(Dataset entries)
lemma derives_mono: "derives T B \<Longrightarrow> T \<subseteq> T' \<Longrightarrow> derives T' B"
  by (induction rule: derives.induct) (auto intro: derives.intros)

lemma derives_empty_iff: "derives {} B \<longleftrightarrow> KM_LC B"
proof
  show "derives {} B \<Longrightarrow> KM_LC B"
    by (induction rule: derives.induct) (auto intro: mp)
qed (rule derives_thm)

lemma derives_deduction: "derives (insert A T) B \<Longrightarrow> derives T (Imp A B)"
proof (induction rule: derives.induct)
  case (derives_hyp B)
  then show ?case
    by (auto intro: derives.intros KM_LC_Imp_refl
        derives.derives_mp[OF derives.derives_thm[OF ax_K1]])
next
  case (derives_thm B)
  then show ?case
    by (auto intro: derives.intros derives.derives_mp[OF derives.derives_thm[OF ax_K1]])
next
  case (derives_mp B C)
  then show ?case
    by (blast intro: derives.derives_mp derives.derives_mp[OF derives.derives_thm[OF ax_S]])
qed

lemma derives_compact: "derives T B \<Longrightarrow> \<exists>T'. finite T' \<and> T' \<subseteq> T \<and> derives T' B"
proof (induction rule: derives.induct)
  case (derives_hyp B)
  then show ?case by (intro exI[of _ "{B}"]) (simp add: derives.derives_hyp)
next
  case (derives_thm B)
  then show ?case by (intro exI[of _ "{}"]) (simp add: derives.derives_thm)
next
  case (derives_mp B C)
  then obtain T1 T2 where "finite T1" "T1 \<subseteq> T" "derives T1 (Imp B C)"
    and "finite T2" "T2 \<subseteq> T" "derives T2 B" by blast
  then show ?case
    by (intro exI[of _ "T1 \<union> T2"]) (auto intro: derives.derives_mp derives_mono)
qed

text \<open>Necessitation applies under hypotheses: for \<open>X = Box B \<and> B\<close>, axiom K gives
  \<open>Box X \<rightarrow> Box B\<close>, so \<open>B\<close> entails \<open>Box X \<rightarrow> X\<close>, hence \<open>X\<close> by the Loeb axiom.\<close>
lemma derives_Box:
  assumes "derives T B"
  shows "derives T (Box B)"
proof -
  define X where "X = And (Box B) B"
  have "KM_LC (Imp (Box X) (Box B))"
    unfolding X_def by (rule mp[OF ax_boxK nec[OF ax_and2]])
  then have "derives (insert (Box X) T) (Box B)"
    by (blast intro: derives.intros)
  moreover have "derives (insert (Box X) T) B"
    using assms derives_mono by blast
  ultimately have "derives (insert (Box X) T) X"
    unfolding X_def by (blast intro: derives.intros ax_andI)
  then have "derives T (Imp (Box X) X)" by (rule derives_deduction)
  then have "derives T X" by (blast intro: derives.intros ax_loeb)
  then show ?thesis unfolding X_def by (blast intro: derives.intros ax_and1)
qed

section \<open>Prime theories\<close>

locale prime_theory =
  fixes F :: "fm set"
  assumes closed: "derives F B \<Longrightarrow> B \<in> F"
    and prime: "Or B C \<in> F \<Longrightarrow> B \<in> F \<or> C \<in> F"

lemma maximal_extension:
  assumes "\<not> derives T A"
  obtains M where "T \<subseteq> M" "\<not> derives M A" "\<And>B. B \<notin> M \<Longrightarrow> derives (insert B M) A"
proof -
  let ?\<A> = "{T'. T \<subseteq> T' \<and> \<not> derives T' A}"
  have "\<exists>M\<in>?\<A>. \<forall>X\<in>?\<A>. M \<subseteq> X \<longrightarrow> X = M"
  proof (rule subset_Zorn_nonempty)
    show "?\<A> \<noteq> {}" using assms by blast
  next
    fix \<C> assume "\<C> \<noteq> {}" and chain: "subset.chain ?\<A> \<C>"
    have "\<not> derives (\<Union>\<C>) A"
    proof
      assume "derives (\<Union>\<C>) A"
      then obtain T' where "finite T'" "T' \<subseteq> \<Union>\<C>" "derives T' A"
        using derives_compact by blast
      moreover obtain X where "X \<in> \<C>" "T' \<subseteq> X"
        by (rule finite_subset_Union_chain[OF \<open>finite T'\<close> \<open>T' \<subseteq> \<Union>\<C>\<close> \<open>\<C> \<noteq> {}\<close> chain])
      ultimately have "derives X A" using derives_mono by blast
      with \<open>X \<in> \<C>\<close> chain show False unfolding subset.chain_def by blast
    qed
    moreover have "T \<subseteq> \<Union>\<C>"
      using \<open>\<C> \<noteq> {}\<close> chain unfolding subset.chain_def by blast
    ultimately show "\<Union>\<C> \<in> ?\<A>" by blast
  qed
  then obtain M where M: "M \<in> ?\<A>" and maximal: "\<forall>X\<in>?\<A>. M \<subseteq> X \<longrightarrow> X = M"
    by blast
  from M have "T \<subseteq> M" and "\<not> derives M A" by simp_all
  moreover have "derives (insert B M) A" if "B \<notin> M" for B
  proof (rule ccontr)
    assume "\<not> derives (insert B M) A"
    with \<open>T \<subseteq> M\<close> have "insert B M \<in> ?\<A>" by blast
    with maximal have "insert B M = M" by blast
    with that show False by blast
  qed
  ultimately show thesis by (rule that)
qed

--

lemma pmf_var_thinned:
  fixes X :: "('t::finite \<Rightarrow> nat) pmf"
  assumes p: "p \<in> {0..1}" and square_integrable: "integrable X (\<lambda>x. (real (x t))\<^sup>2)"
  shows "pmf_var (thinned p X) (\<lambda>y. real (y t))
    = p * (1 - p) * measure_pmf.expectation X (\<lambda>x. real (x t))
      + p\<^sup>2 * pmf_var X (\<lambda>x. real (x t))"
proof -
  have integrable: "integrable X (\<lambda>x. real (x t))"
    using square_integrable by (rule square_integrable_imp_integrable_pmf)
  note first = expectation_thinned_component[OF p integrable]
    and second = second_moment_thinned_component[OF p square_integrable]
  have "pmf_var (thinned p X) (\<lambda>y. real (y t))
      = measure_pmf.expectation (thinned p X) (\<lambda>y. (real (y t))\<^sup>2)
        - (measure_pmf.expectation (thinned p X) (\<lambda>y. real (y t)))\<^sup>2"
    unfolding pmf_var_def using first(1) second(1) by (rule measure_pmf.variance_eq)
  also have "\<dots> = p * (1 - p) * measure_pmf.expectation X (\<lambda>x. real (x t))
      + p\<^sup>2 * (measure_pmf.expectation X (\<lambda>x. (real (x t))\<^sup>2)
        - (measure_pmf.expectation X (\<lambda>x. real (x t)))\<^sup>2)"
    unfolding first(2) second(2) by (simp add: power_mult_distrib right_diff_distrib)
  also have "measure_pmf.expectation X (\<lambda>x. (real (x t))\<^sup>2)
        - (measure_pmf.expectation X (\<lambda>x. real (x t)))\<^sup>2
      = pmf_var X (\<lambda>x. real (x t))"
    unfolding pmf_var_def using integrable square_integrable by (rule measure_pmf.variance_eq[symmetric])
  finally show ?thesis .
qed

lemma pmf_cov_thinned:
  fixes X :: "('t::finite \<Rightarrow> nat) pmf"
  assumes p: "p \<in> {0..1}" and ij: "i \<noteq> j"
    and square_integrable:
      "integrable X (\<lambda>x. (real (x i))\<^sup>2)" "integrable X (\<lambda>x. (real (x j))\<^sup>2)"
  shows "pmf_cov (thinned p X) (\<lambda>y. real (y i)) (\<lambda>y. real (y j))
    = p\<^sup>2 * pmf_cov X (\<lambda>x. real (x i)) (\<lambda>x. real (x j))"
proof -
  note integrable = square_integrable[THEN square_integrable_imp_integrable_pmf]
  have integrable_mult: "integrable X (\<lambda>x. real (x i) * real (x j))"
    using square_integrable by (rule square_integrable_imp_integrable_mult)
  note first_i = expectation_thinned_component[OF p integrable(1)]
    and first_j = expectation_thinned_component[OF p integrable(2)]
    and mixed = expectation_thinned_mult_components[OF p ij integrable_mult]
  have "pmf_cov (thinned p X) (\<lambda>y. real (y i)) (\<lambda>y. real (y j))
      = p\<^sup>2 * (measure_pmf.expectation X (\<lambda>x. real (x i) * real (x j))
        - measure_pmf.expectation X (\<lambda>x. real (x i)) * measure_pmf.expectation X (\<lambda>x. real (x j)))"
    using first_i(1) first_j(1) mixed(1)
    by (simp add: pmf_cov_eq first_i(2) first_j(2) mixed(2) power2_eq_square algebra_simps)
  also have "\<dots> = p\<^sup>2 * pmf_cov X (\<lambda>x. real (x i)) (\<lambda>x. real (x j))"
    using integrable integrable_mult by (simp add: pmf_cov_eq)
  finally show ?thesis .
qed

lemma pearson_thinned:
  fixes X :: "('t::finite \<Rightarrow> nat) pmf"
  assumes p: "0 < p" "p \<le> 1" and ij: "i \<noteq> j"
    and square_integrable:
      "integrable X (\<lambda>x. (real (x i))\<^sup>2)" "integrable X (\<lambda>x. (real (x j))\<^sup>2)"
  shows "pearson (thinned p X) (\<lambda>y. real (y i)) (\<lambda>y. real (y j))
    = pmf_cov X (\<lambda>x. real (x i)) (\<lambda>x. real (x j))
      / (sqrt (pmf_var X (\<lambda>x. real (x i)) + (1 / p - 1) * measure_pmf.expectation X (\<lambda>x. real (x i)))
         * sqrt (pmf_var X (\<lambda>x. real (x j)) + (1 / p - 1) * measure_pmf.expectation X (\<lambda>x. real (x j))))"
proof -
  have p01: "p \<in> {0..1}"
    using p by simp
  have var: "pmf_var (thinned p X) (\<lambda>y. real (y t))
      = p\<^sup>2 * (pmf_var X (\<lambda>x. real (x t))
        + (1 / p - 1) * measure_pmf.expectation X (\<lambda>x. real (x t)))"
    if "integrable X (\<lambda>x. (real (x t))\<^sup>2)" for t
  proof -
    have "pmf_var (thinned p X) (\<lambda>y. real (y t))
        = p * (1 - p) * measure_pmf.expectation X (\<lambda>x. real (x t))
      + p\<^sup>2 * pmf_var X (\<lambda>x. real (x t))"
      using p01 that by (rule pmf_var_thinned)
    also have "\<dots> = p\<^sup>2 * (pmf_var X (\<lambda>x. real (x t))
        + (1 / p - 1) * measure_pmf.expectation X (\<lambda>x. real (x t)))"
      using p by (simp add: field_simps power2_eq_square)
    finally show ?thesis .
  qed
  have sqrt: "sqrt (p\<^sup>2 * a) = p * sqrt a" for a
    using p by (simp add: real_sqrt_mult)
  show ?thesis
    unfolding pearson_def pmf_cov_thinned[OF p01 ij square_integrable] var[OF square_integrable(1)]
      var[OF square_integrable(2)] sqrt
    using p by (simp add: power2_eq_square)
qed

### WORK REQUIRED
For the lines above, output exactly those from the line containing "(real (y t))\<^sup>2)" through the line containing "unfolding first(2) second(2)", and skip the others.

### TASK RESULT
      = measure_pmf.expectation (thinned p X) (\<lambda>y. (real (y t))\<^sup>2)
        - (measure_pmf.expectation (thinned p X) (\<lambda>y. real (y t)))\<^sup>2"
    unfolding pmf_var_def using first(1) second(1) by (rule measure_pmf.variance_eq)
  also have "\<dots> = p * (1 - p) * measure_pmf.expectation X (\<lambda>x. real (x t))
      + p\<^sup>2 * (measure_pmf.expectation X (\<lambda>x. (real (x t))\<^sup>2)
        - (measure_pmf.expectation X (\<lambda>x. real (x t)))\<^sup>2)"
    unfolding first(2) second(2) by (simp add: power_mult_distrib right_diff_distrib)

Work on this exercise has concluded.